Cruel intentions
It's unlikely that violence in Srinagar was linked with carnage unleashed in Mumbai few hours later. Both targeted the common man of India.
It’s unlikely that Tuesday’s violence in Srinagar was connected to the carnage unleashed in Mumbai a few hours later. If there was one searing connection between the two ghastly events, it was this: both targeted the common man of India. Jammu and Kashmir, for those who perpetrated the dastardly act, is not a geographical location where people live and want to lead a ‘normal life’. For these criminals, the Valley represents an issue and an issue alone, regardless of its people and their wishes. Which is why the 2002 J&K assembly elections, a turning point in terms of underlining the democratic credentials of polls conducted in the state, had been so unsettling for those whose purpose was to continue projecting the Valley as a violence-torn region. The high turn-out of voters in the April 2006 byelections again confirmed the public mood in J&K.

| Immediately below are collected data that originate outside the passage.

lemma lattice_induct [consumes 1, case_names zero step]:
  assumes "p \<in> lattice" and "P 0"
    and step: "\<And>p k. p \<in> lattice \<Longrightarrow> P p \<Longrightarrow> P (p + zeta ^ k)"
  shows "P p"
proof -
  have in_lattice: "of_int m + of_int n * zeta \<in> lattice" for m n
    unfolding lattice_iff by blast
  have real_axis: "P (of_int m)" for m
  proof (induction m rule: int_induct[of _ 0])
    case (step1 i)
    then show ?case
      using step[of "of_int i" 0] in_lattice[of i 0] by simp
  next
    case (step2 i)
    then show ?case
      using step[of "of_int i" 3] in_lattice[of i 0] zeta_cubed by simp
  qed (simp add: \<open>P 0\<close>)
  have "P (of_int m + of_int n * zeta)" for m n
  proof (induction n rule: int_induct[of _ 0])
    case (step1 i)
    then show ?case
      using step[of "of_int m + of_int i * zeta" 1] in_lattice[of m i] by (simp add: algebra_simps)
  next
    case (step2 i)
    then show ?case
      using step[of "of_int m + of_int i * zeta" 4] in_lattice[of m i] zeta_pow_4
      by (simp add: algebra_simps)
  qed (simp add: real_axis)
  then show ?thesis
    using \<open>p \<in> lattice\<close> unfolding lattice_iff by blast
qed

Tuesday’s grenade attacks that claimed the lives of eight tourists has to be seen as a desperate attempt by terrorists to send out the message that, despite the resurgence of ‘normalcy’, the Valley is a dangerous place. What this latest tragedy will entail for India-Pakistan relations is too early to say. But one must realise two things: first, this is not a home-grown terrorist attack retaliating against security forces’ atrocities and high-handedness as in the Nineties. Upsetting one of the economic lifelines of the Valley — tourism — does no good for the local population. Two, the Government of India cannot be seen to do nothing after Tuesday’s attack. In fact, while cool heads in New Delhi may desperately want to keep the CBM boats with Pakistan steady, the people of India, of Jammu and Kashmir in particular, will understandably bristle at the thought of pleasant rhetoric while bodybags are being counted.
Kashmir being the ‘veteran’ of terrorism in India should not in anyway lessen the need to act and act strongly against the murderers. If anything at all, the macabre coincidence of the violence unleashed in Srinagar and Mumbai should make New Delhi more resolute in its fight against terror.